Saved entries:
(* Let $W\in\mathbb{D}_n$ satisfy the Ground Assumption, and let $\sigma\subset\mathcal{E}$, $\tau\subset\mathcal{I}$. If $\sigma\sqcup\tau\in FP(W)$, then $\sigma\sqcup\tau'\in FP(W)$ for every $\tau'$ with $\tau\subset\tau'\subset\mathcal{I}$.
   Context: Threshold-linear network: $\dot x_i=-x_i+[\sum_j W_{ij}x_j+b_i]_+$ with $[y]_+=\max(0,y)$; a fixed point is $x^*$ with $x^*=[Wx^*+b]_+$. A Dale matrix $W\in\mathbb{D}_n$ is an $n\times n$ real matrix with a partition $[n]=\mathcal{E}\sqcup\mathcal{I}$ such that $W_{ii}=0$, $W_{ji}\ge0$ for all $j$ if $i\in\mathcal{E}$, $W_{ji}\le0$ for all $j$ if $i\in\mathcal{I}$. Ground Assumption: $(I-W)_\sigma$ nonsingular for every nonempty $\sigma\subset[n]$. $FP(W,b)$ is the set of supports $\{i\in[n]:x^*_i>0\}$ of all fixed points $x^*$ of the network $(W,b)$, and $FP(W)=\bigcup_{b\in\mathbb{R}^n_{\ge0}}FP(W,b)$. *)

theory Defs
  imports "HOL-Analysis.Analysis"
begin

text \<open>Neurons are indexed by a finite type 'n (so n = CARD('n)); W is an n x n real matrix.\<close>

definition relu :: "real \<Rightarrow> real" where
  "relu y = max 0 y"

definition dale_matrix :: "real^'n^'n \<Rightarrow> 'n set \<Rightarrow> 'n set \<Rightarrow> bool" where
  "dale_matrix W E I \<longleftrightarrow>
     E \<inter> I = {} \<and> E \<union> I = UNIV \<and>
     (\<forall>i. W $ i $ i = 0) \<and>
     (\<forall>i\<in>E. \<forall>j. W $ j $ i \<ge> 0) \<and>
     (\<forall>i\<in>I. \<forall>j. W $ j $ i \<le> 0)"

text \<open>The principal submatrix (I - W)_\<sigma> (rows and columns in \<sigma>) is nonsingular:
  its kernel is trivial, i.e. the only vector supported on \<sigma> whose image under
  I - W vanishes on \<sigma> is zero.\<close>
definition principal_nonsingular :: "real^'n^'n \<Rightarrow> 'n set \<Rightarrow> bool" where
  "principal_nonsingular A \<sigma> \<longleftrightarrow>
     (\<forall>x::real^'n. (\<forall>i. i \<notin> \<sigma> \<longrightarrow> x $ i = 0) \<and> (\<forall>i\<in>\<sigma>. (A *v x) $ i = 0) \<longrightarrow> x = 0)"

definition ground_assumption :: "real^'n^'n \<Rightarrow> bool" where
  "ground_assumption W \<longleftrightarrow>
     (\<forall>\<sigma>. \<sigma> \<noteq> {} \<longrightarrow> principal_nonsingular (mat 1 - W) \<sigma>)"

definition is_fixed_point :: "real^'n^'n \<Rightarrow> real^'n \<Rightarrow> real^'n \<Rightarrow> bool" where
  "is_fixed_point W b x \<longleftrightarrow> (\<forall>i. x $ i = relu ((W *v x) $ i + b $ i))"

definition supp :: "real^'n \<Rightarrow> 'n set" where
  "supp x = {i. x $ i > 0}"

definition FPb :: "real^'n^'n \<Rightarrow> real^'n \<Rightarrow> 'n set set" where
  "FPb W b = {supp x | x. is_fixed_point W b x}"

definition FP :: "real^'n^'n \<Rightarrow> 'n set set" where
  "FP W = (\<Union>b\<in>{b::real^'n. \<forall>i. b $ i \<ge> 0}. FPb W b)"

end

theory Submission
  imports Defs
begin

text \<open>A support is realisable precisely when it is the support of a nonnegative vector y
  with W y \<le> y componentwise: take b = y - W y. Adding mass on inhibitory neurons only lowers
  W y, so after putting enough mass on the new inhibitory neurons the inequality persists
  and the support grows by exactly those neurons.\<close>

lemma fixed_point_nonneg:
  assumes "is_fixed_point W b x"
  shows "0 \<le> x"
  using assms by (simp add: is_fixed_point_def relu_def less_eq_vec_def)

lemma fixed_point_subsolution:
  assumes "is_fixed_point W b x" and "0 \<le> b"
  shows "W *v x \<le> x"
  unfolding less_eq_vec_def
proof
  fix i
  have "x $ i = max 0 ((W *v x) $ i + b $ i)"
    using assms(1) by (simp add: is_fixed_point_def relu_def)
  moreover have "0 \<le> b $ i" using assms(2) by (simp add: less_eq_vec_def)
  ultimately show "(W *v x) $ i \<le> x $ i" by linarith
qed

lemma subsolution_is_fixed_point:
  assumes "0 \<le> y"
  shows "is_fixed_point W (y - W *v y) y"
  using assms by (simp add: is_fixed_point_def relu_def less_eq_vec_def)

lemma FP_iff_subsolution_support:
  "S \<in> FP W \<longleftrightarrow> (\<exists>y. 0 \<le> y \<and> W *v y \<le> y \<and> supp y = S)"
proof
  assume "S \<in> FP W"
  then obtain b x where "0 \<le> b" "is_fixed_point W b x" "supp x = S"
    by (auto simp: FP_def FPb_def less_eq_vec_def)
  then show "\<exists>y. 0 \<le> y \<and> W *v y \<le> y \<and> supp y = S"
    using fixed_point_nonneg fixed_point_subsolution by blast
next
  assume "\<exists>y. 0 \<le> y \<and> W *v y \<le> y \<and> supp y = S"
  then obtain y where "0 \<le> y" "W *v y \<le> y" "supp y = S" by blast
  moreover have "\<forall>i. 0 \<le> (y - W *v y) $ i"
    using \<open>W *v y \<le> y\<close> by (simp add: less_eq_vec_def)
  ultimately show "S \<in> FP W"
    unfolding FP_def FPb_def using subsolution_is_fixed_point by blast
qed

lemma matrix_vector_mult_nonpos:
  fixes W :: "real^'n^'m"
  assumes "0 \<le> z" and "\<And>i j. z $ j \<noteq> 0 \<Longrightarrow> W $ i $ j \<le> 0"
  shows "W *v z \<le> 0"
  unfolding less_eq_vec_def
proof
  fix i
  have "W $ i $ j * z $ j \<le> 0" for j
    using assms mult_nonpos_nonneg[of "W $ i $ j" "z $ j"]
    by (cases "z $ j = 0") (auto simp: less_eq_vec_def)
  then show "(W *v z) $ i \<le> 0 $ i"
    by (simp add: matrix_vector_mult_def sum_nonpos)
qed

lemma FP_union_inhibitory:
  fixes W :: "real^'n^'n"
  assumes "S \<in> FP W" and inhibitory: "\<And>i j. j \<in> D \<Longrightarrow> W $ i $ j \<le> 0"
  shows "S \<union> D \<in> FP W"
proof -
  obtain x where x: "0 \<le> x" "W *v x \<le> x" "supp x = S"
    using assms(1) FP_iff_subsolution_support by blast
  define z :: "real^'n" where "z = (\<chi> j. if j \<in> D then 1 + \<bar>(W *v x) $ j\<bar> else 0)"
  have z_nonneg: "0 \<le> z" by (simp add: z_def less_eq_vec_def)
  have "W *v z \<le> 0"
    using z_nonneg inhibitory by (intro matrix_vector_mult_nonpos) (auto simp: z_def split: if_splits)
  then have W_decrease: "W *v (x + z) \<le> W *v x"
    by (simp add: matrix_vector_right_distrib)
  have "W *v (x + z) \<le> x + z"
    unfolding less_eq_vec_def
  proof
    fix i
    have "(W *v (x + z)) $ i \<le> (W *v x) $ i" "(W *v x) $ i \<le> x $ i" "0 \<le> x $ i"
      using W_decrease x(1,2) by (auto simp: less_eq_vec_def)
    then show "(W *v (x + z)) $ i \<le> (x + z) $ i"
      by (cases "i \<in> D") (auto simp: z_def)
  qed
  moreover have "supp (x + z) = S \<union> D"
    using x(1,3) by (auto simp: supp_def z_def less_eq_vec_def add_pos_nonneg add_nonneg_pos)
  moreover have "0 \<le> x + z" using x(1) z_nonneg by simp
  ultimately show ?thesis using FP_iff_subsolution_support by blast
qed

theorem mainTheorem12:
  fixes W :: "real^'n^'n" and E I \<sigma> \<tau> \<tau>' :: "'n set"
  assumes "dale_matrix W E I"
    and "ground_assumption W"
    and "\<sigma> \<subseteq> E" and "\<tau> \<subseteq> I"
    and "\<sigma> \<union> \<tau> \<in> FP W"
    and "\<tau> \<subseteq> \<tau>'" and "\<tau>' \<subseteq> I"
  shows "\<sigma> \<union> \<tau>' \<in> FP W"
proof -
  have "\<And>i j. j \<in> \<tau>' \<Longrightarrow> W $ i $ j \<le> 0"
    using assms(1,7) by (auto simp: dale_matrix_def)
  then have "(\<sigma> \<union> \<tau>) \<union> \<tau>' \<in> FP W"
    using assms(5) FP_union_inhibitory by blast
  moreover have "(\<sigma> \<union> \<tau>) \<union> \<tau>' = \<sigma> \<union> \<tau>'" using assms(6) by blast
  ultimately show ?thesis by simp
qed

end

EXERCISE AIM:
Look back at the entries above. Retype the line with "(auto simp: z_def)", the line with "using assms(5) FP_union_inhibitory", and all lines in between.

TASK OUTPUT:
      by (cases "i \<in> D") (auto simp: z_def)
  qed
  moreover have "supp (x + z) = S \<union> D"
    using x(1,3) by (auto simp: supp_def z_def less_eq_vec_def add_pos_nonneg add_nonneg_pos)
  moreover have "0 \<le> x + z" using x(1) z_nonneg by simp
  ultimately show ?thesis using FP_iff_subsolution_support by blast
qed

theorem mainTheorem12:
  fixes W :: "real^'n^'n" and E I \<sigma> \<tau> \<tau>' :: "'n set"
  assumes "dale_matrix W E I"
    and "ground_assumption W"
    and "\<sigma> \<subseteq> E" and "\<tau> \<subseteq> I"
    and "\<sigma> \<union> \<tau> \<in> FP W"
    and "\<tau> \<subseteq> \<tau>'" and "\<tau>' \<subseteq> I"
  shows "\<sigma> \<union> \<tau>' \<in> FP W"
proof -
  have "\<And>i j. j \<in> \<tau>' \<Longrightarrow> W $ i $ j \<le> 0"
    using assms(1,7) by (auto simp: dale_matrix_def)
  then have "(\<sigma> \<union> \<tau>) \<union> \<tau>' \<in> FP W"
    using assms(5) FP_union_inhibitory by blast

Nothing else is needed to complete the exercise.